• EXERCISE DESCRIPTION
Beginning with the opening line, restate the following material exactly, up through the line that contains "ln 2)) \<le> m".

• RECORDS SUPPLIED
----------------------------------------

lemma cf_convergent_square_numerators_diff_tendsto:
  assumes r: "r > 0" and b: "b > 0"
  shows "(\<lambda>N. \<bar>cf_convergent (square_numerators r) b (Suc N) - cf_convergent (square_numerators r) b N\<bar>) \<longlonglongrightarrow> 0"
proof -
  define c where "c = b / r"
  define m where "m = min 1 c"
  have c: "c > 0" and m: "m > 0" using r b by (simp_all add: c_def m_def)
  have "filterlim (\<lambda>N. scaled_den c (Suc N) * scaled_den c N) at_top sequentially"
  proof (rule filterlim_at_top_mono)
    show "filterlim (\<lambda>N. m / 2 * (c * m / 4 * (ln (real N + 2) - ln 2))) at_top sequentially"
      using c m by real_asymp
    show "\<forall>\<^sub>F N in sequentially. m / 2 * (c * m / 4 * (ln (real N + 2) - ln 2)) \<le> scaled_den c (Suc N) * scaled_den c N"
    proof (intro always_eventually allI)
      fix N
      have g: "scaled_den c (Suc N) \<ge> m" "scaled_den c N \<ge> m"
        using scaled_den_ge[OF c] unfolding m_def by blast+
      have "m * scaled_den c N \<le> scaled_den c (Suc N) * scaled_den c N"
        "m * scaled_den c (Suc N) \<le> scaled_den c (Suc N) * scaled_den c N"
        using g m by (auto intro: mult_right_mono mult_left_mono)
      then have "m / 2 * (scaled_den c (Suc N) + scaled_den c N) \<le> scaled_den c (Suc N) * scaled_den c N"
        by (simp add: algebra_simps)
      moreover have "m / 2 * (c * m / 4 * (ln (real N + 2) - ln 2)) \<le> m / 2 * (scaled_den c (Suc N) + scaled_den c N)"
        using scaled_den_sum_ge_ln[OF c, of N] m unfolding m_def by (intro mult_left_mono) auto
      ultimately show "m / 2 * (c * m / 4 * (ln (real N + 2) - ln 2)) \<le> scaled_den c (Suc N) * scaled_den c N"
        by linarith
    qed
  qed
  then have "(\<lambda>N. r / (scaled_den c (Suc N) * scaled_den c N)) \<longlonglongrightarrow> 0"
    by (intro tendsto_divide_0[OF tendsto_const] filterlim_at_top_imp_at_infinity)
  then show ?thesis
    unfolding cf_convergent_square_numerators_diff[OF r b] c_def .
qed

----------------------------------------

• ANSWER SPACE
lemma cf_convergent_square_numerators_diff_tendsto:
  assumes r: "r > 0" and b: "b > 0"
  shows "(\<lambda>N. \<bar>cf_convergent (square_numerators r) b (Suc N) - cf_convergent (square_numerators r) b N\<bar>) \<longlonglongrightarrow> 0"
proof -
  define c where "c = b / r"
  define m where "m = min 1 c"
  have c: "c > 0" and m: "m > 0" using r b by (simp_all add: c_def m_def)
  have "filterlim (\<lambda>N. scaled_den c (Suc N) * scaled_den c N) at_top sequentially"
  proof (rule filterlim_at_top_mono)
    show "filterlim (\<lambda>N. m / 2 * (c * m / 4 * (ln (real N + 2) - ln 2))) at_top sequentially"
      using c m by real_asymp
    show "\<forall>\<^sub>F N in sequentially. m / 2 * (c * m / 4 * (ln (real N + 2) - ln 2)) \<le> scaled_den c (Suc N) * scaled_den c N"
    proof (intro always_eventually allI)
      fix N
      have g: "scaled_den c (Suc N) \<ge> m" "scaled_den c N \<ge> m"
        using scaled_den_ge[OF c] unfolding m_def by blast+
      have "m * scaled_den c N \<le> scaled_den c (Suc N) * scaled_den c N"
        "m * scaled_den c (Suc N) \<le> scaled_den c (Suc N) * scaled_den c N"
        using g m by (auto intro: mult_right_mono mult_left_mono)
      then have "m / 2 * (scaled_den c (Suc N) + scaled_den c N) \<le> scaled_den c (Suc N) * scaled_den c N"
        by (simp add: algebra_simps)
      moreover have "m / 2 * (c * m / 4 * (ln (real N + 2) - ln 2)) \<le> m / 2 * (scaled_den c (Suc N) + scaled_den c N)"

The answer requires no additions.